The ball is now in my court.

Warning:  Today is one of them swiss cheese blogs.   Sorry, but some of this just between me and God.  My mom reads this thing, after all.

I asked God mostly out of frustration but partly out of a bit of desperation if there were things that needed attention in my life to show them to me.  I kind of felt adrift or running around in the wilderness.  God will sometimes answer prayer quickly as He did in this case.

It was something He'd shown me before and I kind of tried to talk my way out of it.  I don't want to do this thing God asked me to do for lots of reasons.  I tried telling God I would but would prefer not to and convinced myself that being willing was enough.  I tried the explanation of why I didn't want to do it and hoped that would be good enough.  I tried shopping for opinions and got universally the one I wanted to hear.  That was the human standpoint.

This all started months ago. And I guess it's one of them things that is I want you to do this and it's your choice if you don't, but maybe things ain't gonna progress until you do.  It's obvious to me today that this is the case and I have just decided that the answer to my dilemma is not "yes, but...".  It's "Yes, Lord."

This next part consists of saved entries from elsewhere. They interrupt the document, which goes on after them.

lemma card_left_translate_preimage:
  assumes "subgroup H G" "g \<in> carrier G"
  shows "card {b \<in> carrier G. g \<otimes> b \<in> H} = card H"
proof -
  interpret H: subgroup H G by fact
  have "{b \<in> carrier G. g \<otimes> b \<in> H} = (\<lambda>h. inv g \<otimes> h) ` H"
  proof (intro equalityI subsetI)
    fix b assume "b \<in> {b \<in> carrier G. g \<otimes> b \<in> H}"
    moreover then have "b = inv g \<otimes> (g \<otimes> b)"
      using assms(2) by (simp add: m_assoc [symmetric])
    ultimately show "b \<in> (\<lambda>h. inv g \<otimes> h) ` H" by blast
  qed (use assms(2) H.subset in \<open>auto simp: m_assoc [symmetric]\<close>)
  moreover have "inj_on (\<lambda>h. inv g \<otimes> h) H"
    using assms(2) H.subset by (auto simp: inj_on_def)
  ultimately show ?thesis by (simp add: card_image)
qed

lemma card_left_translate_in_complement:
  assumes "subgroup H G" "finite (carrier G)" "g \<in> carrier G"
  shows "card {b \<in> carrier G - H. g \<otimes> b \<in> carrier G - H}
    = (if g \<in> H then order G - card H else order G - 2 * card H)"
proof -
  interpret H: subgroup H G by fact
  let ?L = "{b \<in> carrier G. g \<otimes> b \<in> H}"
  have finH: "finite H" using assms(2) H.subset finite_subset by blast
  have cardU: "card (carrier G - H) = order G - card H"
    using card_Diff_subset[OF finH H.subset] by (simp add: order_def)
  have "{b \<in> carrier G - H. g \<otimes> b \<in> carrier G - H} = (carrier G - H) - ?L"
    using assms(3) by auto
  moreover have "?L = H" if "g \<in> H"
  proof (intro equalityI subsetI)
    fix b assume "b \<in> ?L"
    then have "inv g \<otimes> (g \<otimes> b) \<in> H" using that by (simp add: H.m_closed H.m_inv_closed)
    then show "b \<in> H" using \<open>b \<in> ?L\<close> assms(3) by (simp add: m_assoc [symmetric])
  qed (use that H.subset in \<open>auto simp: H.m_closed\<close>)
  moreover have "?L \<subseteq> carrier G - H" if "g \<notin> H"
  proof (intro subsetI DiffI)
    fix b assume b: "b \<in> ?L"
    then show "b \<in> carrier G" by simp
    show "b \<notin> H"
    proof
      assume "b \<in> H"
      then have "(g \<otimes> b) \<otimes> inv b \<in> H" using b by (simp add: H.m_closed H.m_inv_closed)
      then show False using b assms(3) that by (simp add: m_assoc)
    qed
  qed
  ultimately show ?thesis
    using cardU card_left_translate_preimage[OF assms(1,3)] finH assms(2)
    by (auto simp: card_Diff_subset)
qed

lemma count_IntD_plus_ExtD_complement:
  assumes "subgroup H G" "finite (carrier G)" "partitions_fam s A (carrier G - H)"
    and "g \<in> carrier G" "g \<noteq> \<one>"
  shows "count (IntD G s A) g + count (ExtD G s A) g
    = (if g \<in> H then order G - card H else order G - 2 * card H)"
  using assms count_IntD_plus_ExtD[of s A "carrier G - H"] count_Delta2_self[of "carrier G - H"]
    card_left_translate_in_complement by auto

lemma DPDF_EPDF_partition_complement:
  assumes "subgroup H G" "finite (carrier G)" "partitions_fam s A (carrier G - H)"
    and "\<And>i. i < s \<Longrightarrow> card (A i) = k"
    and "\<And>x. x \<in> carrier G - H \<Longrightarrow> count (IntD G s A) x = lam"
    and "\<And>x. x \<in> H - {\<one>} \<Longrightarrow> count (IntD G s A) x = 0"
  shows "DPDF G (order G) s k lam 0 A"
    and "EPDF G (order G) s k (order G - 2 * card H - lam) (order G - card H) A"
proof -
  interpret H: subgroup H G by fact
  show "DPDF G (order G) s k lam 0 A"
    unfolding DPDF_def order_def
    by (rule PDF_gen_partition_complement[where Op = "IntD G", OF assms(1,3) refl assms(4-6)])
  have Ext: "count (ExtD G s A) x
      = (if x \<in> H then order G - card H else order G - 2 * card H) - count (IntD G s A) x"
    if "x \<in> carrier G" "x \<noteq> \<one>" for x
    using count_IntD_plus_ExtD_complement[OF assms(1-3) that] by simp
  show "EPDF G (order G) s k (order G - 2 * card H - lam) (order G - card H) A"
    unfolding EPDF_def order_def
  proof (rule PDF_gen_partition_complement[where Op = "ExtD G", OF assms(1,3) refl assms(4)])
    fix x assume "x \<in> carrier G - H"
    moreover then have "x \<noteq> \<one>" using H.one_closed by blast
    ultimately show "count (ExtD G s A) x = card (carrier G) - 2 * card H - lam"
      using Ext assms(5) by (simp add: order_def)
  next
    fix x assume "x \<in> H - {\<one>}"
    then show "count (ExtD G s A) x = card (carrier G) - card H"
      using Ext assms(6) H.subset by (auto simp: order_def)
  qed
qed

lemma r_coset_eq_image: "X #> c = (\<lambda>x. x \<otimes> c) ` X"
  by (auto simp: r_coset_def)

lemma card_r_coset:
  assumes "X \<subseteq> carrier G" "c \<in> carrier G"
  shows "card (X #> c) = card X"
  using card_rcosets_equal[OF rcosetsI] assms by simp

lemma Delta_r_coset:
  assumes "X \<subseteq> carrier G" "c \<in> carrier G"
  shows "Delta G (X #> c) = Delta G X"
proof -
  let ?P = "\<lambda>X. {(x, y). x \<in> X \<and> y \<in> X \<and> x \<noteq> y}"
  let ?t = "\<lambda>(x, y). (x \<otimes> c, y \<otimes> c)"
  have inj: "inj_on ?t (?P X)" using assms by (auto simp: inj_on_def subsetD)
  have img: "?P (X #> c) = ?t ` ?P X"
    using assms by (auto simp: r_coset_eq_image subsetD)
  have cancel: "c \<otimes> (inv c \<otimes> z) = z" if "z \<in> carrier G" for z
    using that assms(2) by (simp add: m_assoc [symmetric])
  have quot: "((\<lambda>(x, y). x \<otimes> inv y) \<circ> ?t) p = (\<lambda>(x, y). x \<otimes> inv y) p" if "p \<in> ?P X" for p
    using that assms by (auto simp: inv_mult_group m_assoc cancel subsetD)
  have "Delta G (X #> c) = image_mset ((\<lambda>(x, y). x \<otimes> inv y) \<circ> ?t) (mset_set (?P X))"
    unfolding Delta_def img image_mset_mset_set[OF inj, symmetric] by (simp add: multiset.map_comp)
  also have "\<dots> = Delta G X"
    unfolding Delta_def by (rule image_mset_cong) (use quot in \<open>cases "finite (?P X)"; auto\<close>)
  finally show ?thesis .
qed

lemma count_IntD_r_cosets:
  assumes "X \<subseteq> carrier G" "\<And>i. i < s \<Longrightarrow> c i \<in> carrier G"
  shows "count (IntD G s (\<lambda>i. X #> c i)) g = s * count (Delta G X) g"
  using assms by (simp add: IntD_def count_sum Delta_r_coset)

lemma RDS_r_coset:
  assumes "RDS G H m n k lam R" "c \<in> carrier G"
  shows "RDS G H m n k lam (R #> c)"
proof -
  have "R \<subseteq> carrier G" using assms(1) unfolding RDS_def by blast
  then show ?thesis
    using assms unfolding RDS_def by (simp add: r_coset_subset_G card_r_coset Delta_r_coset)
qed

lemma RDS_eq_if_diff_in_subgroup:
  assumes "RDS G H m n k lam R" "finite R" "x \<in> R" "y \<in> R" "x \<otimes> inv y \<in> H"
  shows "x = y"
proof (rule ccontr)
  assume "x \<noteq> y"
  have "x \<in> carrier G" "y \<in> carrier G" using assms(1,3,4) unfolding RDS_def by auto
  then have "x = x \<otimes> inv y \<otimes> y" by (simp add: m_assoc)
  then have "x \<otimes> inv y \<noteq> \<one>" using \<open>x \<noteq> y\<close> \<open>y \<in> carrier G\<close> by auto
  then have "count (Delta G R) (x \<otimes> inv y) = 0"
    using assms(1,5) unfolding RDS_def by blast
  moreover have "(x, y) \<in> {p \<in> {(x, y). x \<in> R \<and> y \<in> R \<and> x \<noteq> y}. fst p \<otimes> inv snd p = x \<otimes> inv y}"
    using assms(3,4) \<open>x \<noteq> y\<close> by auto
  moreover have "finite {(x, y). x \<in> R \<and> y \<in> R \<and> x \<noteq> y}"
    by (rule finite_subset[of _ "R \<times> R"]) (use assms(2) in auto)
  ultimately show False
    using count_Delta[OF assms(2), of G] card_0_eq by fastforce
qed

lemma obtain_r_coset_disjoint_subgroup:
  assumes "subgroup H G" "finite (carrier G)" "R \<subseteq> carrier G" "card R * card H < order G"
  obtains c where "c \<in> carrier G" "(R #> c) \<inter> H = {}"
proof -
  interpret H: subgroup H G by fact
  let ?T = "\<Union>x\<in>R. H #> x"
  have "card ?T \<le> (\<Sum>x\<in>R. card (H #> x))"
    using finite_subset[OF assms(3,2)] by (rule card_UN_le)
  also have "\<dots> = (\<Sum>x\<in>R. card H)"
    using assms(3) H.subset by (intro sum.cong) (auto simp: card_r_coset)
  finally have "card ?T < card (carrier G)" using assms(4) by (simp add: order_def)
  moreover have "?T \<subseteq> carrier G" using assms(3) r_coset_subset_G[OF H.subset] by blast
  then have "finite ?T" using assms(2) by (rule finite_subset)
  ultimately have "\<not> carrier G \<subseteq> ?T" by (auto dest: card_mono)
  then obtain g where g: "g \<in> carrier G" "g \<notin> ?T" by blast
  have "x \<otimes> inv g \<notin> H" if "x \<in> R" for x
  proof
    assume "x \<otimes> inv g \<in> H"
    moreover have x: "x \<in> carrier G" using that assms(3) by blast
    ultimately have "g \<otimes> inv x \<in> H"
      using H.m_inv_closed g(1) by (metis inv_closed inv_inv inv_mult_group)
    then have "g \<in> H #> x" using H.rcos_module_rev[OF is_group x g(1)] by blast
    then show False using g(2) that by blast
  qed
  then have "(R #> inv g) \<inter> H = {}" by (auto simp: r_coset_eq_image)
  then show thesis using that g(1) by blast
qed

lemma r_coset_disjoint_subgroup:
  assumes "subgroup H G" "R \<inter> H = {}" "R \<subseteq> carrier G" "h \<in> H"
  shows "(R #> h) \<inter> H = {}"
proof -
  interpret H: subgroup H G by fact
  have "x \<otimes> h \<notin> H" if "x \<in> R" for x
  proof
    assume "x \<otimes> h \<in> H"
    then have "x \<otimes> h \<otimes> inv h \<in> H" using assms(4) by (simp add: H.m_closed H.m_inv_closed)
    then have "x \<in> H" using that assms(3,4) H.subset by (simp add: m_assoc subsetD)
    then show False using that assms(2) by blast
  qed
  then show ?thesis by (auto simp: r_coset_eq_image)
qed

lemma r_cosets_disjoint_if_separated:
  assumes "H \<lhd> G" "R \<subseteq> carrier G"
    and sep: "\<And>x y. x \<in> R \<Longrightarrow> y \<in> R \<Longrightarrow> x \<otimes> inv y \<in> H \<Longrightarrow> x = y"
    and "h \<in> H" "h' \<in> H" "h \<noteq> h'"
  shows "(R #> h) \<inter> (R #> h') = {}"
proof (rule ccontr)
  interpret normal H G by fact
  assume "(R #> h) \<inter> (R #> h') \<noteq> {}"
  then obtain x y where xy: "x \<in> R" "y \<in> R" "x \<otimes> h = y \<otimes> h'"
    by (auto simp: r_coset_eq_image)
  have carr: "x \<in> carrier G" "y \<in> carrier G" "h \<in> carrier G" "h' \<in> carrier G"
    using xy assms(2,4,5) subset by auto
  then have "x = x \<otimes> h \<otimes> inv h" by (simp add: m_assoc)
  also have "\<dots> = y \<otimes> (h' \<otimes> inv h)" using xy(3) carr by (simp add: m_assoc)
  finally have "x \<otimes> inv y = y \<otimes> (h' \<otimes> inv h) \<otimes> inv y" by simp
  also have "\<dots> \<in> H"
    using carr assms(4,5) by (simp add: inv_op_closed2)
  finally have "x = y" using sep xy by blast
  then show False using xy(3) carr assms(6) by simp
qed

My pastor and I are studying a book and one of the things we were reminded of today is that Jesus is a contemporary.  If He were still dead, then Christianity is a lie.  That He was resurrected and lives today is the crux of everything we believe.  And as such, and as Lord, it's not unreasonable for things for me to come to a standstill when I'm not doing what He thinks I ought.

I just wish I didn't keep having to learn these things the hard way.